PROBLEM TO WORK ON: Write out the data exactly, keeping every line.

Collected data
-------

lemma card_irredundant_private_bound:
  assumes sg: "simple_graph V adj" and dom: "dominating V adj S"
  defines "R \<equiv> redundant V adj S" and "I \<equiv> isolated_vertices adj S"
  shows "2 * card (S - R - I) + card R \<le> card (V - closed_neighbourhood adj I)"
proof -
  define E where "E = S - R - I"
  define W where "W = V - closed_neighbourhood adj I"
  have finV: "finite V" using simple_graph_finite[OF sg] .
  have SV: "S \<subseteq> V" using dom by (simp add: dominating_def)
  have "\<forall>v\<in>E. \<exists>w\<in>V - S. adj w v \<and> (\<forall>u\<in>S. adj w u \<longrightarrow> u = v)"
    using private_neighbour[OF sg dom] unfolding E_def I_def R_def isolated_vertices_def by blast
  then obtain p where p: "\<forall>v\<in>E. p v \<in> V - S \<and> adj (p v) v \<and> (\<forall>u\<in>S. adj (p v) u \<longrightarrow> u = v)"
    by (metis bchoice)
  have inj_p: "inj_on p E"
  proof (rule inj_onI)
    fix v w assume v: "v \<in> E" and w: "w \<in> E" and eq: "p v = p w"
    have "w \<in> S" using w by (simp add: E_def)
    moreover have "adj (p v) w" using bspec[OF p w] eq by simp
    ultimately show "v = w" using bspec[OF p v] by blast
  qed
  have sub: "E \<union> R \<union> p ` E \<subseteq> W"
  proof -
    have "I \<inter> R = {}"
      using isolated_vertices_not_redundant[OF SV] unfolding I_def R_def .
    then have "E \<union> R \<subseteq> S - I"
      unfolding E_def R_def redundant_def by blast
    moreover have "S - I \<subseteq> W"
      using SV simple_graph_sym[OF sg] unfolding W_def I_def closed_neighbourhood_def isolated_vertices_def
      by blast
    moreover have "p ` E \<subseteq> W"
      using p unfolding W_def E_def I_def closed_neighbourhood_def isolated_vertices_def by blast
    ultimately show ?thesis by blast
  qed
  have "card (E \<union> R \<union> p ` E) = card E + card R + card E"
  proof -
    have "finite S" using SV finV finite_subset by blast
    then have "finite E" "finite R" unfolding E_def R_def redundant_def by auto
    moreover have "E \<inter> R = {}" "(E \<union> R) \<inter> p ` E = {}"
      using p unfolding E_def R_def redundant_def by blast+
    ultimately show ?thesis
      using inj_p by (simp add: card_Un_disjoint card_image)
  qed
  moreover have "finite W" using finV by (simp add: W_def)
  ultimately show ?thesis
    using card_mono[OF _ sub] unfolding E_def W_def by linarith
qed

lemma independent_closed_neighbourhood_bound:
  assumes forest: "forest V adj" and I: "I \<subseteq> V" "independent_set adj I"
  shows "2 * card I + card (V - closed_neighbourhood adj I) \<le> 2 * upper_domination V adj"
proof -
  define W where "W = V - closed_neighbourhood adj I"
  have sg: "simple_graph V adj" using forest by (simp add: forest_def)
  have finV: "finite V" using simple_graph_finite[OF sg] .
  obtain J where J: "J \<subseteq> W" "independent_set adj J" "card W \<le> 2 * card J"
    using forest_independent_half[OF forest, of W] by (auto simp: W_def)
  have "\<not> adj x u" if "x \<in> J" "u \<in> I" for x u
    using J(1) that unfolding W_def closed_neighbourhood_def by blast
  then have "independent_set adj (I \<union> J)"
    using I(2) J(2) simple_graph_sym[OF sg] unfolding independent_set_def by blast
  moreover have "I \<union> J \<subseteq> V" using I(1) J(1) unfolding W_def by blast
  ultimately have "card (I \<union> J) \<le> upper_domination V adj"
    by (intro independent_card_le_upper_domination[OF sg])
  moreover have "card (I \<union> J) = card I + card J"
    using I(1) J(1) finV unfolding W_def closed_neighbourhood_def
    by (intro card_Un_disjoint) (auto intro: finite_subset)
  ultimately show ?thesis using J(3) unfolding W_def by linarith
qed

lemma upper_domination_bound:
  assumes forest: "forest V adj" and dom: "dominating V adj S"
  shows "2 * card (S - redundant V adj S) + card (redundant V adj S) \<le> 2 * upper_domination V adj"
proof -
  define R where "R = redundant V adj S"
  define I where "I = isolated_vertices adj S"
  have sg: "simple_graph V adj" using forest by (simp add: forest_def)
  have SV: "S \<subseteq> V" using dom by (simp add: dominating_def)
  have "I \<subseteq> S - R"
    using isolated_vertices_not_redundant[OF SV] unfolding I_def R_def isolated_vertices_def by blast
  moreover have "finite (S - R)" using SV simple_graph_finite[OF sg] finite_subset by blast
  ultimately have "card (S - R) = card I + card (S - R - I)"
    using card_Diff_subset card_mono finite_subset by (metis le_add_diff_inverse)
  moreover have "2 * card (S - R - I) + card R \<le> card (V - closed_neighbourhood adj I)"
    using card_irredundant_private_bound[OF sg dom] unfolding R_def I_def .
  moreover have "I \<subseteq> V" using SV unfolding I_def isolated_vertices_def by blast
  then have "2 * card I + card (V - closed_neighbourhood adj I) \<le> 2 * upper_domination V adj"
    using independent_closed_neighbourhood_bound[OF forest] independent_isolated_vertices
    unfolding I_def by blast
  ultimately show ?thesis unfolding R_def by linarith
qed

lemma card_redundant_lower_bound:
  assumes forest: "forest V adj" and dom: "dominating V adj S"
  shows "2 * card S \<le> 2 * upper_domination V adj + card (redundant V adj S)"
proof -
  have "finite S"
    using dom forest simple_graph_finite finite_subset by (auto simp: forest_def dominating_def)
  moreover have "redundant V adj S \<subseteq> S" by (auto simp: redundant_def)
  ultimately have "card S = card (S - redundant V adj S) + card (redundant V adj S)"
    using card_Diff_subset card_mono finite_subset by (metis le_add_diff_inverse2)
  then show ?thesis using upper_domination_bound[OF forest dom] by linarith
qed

-------

WRITTEN SOLUTION:
lemma card_irredundant_private_bound:
  assumes sg: "simple_graph V adj" and dom: "dominating V adj S"
  defines "R \<equiv> redundant V adj S" and "I \<equiv> isolated_vertices adj S"
  shows "2 * card (S - R - I) + card R \<le> card (V - closed_neighbourhood adj I)"
proof -
  define E where "E = S - R - I"
  define W where "W = V - closed_neighbourhood adj I"
  have finV: "finite V" using simple_graph_finite[OF sg] .
  have SV: "S \<subseteq> V" using dom by (simp add: dominating_def)
  have "\<forall>v\<in>E. \<exists>w\<in>V - S. adj w v \<and> (\<forall>u\<in>S. adj w u \<longrightarrow> u = v)"
    using private_neighbour[OF sg dom] unfolding E_def I_def R_def isolated_vertices_def by blast
  then obtain p where p: "\<forall>v\<in>E. p v \<in> V - S \<and> adj (p v) v \<and> (\<forall>u\<in>S. adj (p v) u \<longrightarrow> u = v)"
    by (metis bchoice)
  have inj_p: "inj_on p E"
  proof (rule inj_onI)
    fix v w assume v: "v \<in> E" and w: "w \<in> E" and eq: "p v = p w"
    have "w \<in> S" using w by (simp add: E_def)
    moreover have "adj (p v) w" using bspec[OF p w] eq by simp
    ultimately show "v = w" using bspec[OF p v] by blast
  qed
  have sub: "E \<union> R \<union> p ` E \<subseteq> W"
  proof -
    have "I \<inter> R = {}"
      using isolated_vertices_not_redundant[OF SV] unfolding I_def R_def .
    then have "E \<union> R \<subseteq> S - I"
      unfolding E_def R_def redundant_def by blast
    moreover have "S - I \<subseteq> W"
      using SV simple_graph_sym[OF sg] unfolding W_def I_def closed_neighbourhood_def isolated_vertices_def
      by blast
    moreover have "p ` E \<subseteq> W"
      using p unfolding W_def E_def I_def closed_neighbourhood_def isolated_vertices_def by blast
    ultimately show ?thesis by blast
  qed
  have "card (E \<union> R \<union> p ` E) = card E + card R + card E"
  proof -
    have "finite S" using SV finV finite_subset by blast
    then have "finite E" "finite R" unfolding E_def R_def redundant_def by auto
    moreover have "E \<inter> R = {}" "(E \<union> R) \<inter> p ` E = {}"
      using p unfolding E_def R_def redundant_def by blast+
    ultimately show ?thesis
      using inj_p by (simp add: card_Un_disjoint card_image)
  qed
  moreover have "finite W" using finV by (simp add: W_def)
  ultimately show ?thesis
    using card_mono[OF _ sub] unfolding E_def W_def by linarith
qed

lemma independent_closed_neighbourhood_bound:
  assumes forest: "forest V adj" and I: "I \<subseteq> V" "independent_set adj I"
  shows "2 * card I + card (V - closed_neighbourhood adj I) \<le> 2 * upper_domination V adj"
proof -
  define W where "W = V - closed_neighbourhood adj I"
  have sg: "simple_graph V adj" using forest by (simp add: forest_def)
  have finV: "finite V" using simple_graph_finite[OF sg] .
  obtain J where J: "J \<subseteq> W" "independent_set adj J" "card W \<le> 2 * card J"
    using forest_independent_half[OF forest, of W] by (auto simp: W_def)
  have "\<not> adj x u" if "x \<in> J" "u \<in> I" for x u
    using J(1) that unfolding W_def closed_neighbourhood_def by blast
  then have "independent_set adj (I \<union> J)"
    using I(2) J(2) simple_graph_sym[OF sg] unfolding independent_set_def by blast
  moreover have "I \<union> J \<subseteq> V" using I(1) J(1) unfolding W_def by blast
  ultimately have "card (I \<union> J) \<le> upper_domination V adj"
    by (intro independent_card_le_upper_domination[OF sg])
  moreover have "card (I \<union> J) = card I + card J"
    using I(1) J(1) finV unfolding W_def closed_neighbourhood_def
    by (intro card_Un_disjoint) (auto intro: finite_subset)
  ultimately show ?thesis using J(3) unfolding W_def by linarith
qed

lemma upper_domination_bound:
  assumes forest: "forest V adj" and dom: "dominating V adj S"
  shows "2 * card (S - redundant V adj S) + card (redundant V adj S) \<le> 2 * upper_domination V adj"
proof -
  define R where "R = redundant V adj S"
  define I where "I = isolated_vertices adj S"
  have sg: "simple_graph V adj" using forest by (simp add: forest_def)
  have SV: "S \<subseteq> V" using dom by (simp add: dominating_def)
  have "I \<subseteq> S - R"
    using isolated_vertices_not_redundant[OF SV] unfolding I_def R_def isolated_vertices_def by blast
  moreover have "finite (S - R)" using SV simple_graph_finite[OF sg] finite_subset by blast
  ultimately have "card (S - R) = card I + card (S - R - I)"
    using card_Diff_subset card_mono finite_subset by (metis le_add_diff_inverse)
  moreover have "2 * card (S - R - I) + card R \<le> card (V - closed_neighbourhood adj I)"
    using card_irredundant_private_bound[OF sg dom] unfolding R_def I_def .
  moreover have "I \<subseteq> V" using SV unfolding I_def isolated_vertices_def by blast
  then have "2 * card I + card (V - closed_neighbourhood adj I) \<le> 2 * upper_domination V adj"
    using independent_closed_neighbourhood_bound[OF forest] independent_isolated_vertices
    unfolding I_def by blast
  ultimately show ?thesis unfolding R_def by linarith
qed

lemma card_redundant_lower_bound:
  assumes forest: "forest V adj" and dom: "dominating V adj S"
  shows "2 * card S \<le> 2 * upper_domination V adj + card (redundant V adj S)"
proof -
  have "finite S"
    using dom forest simple_graph_finite finite_subset by (auto simp: forest_def dominating_def)
  moreover have "redundant V adj S \<subseteq> S" by (auto simp: redundant_def)
  ultimately have "card S = card (S - redundant V adj S) + card (redundant V adj S)"
    using card_Diff_subset card_mono finite_subset by (metis le_add_diff_inverse2)
  then show ?thesis using upper_domination_bound[OF forest dom] by linarith
qed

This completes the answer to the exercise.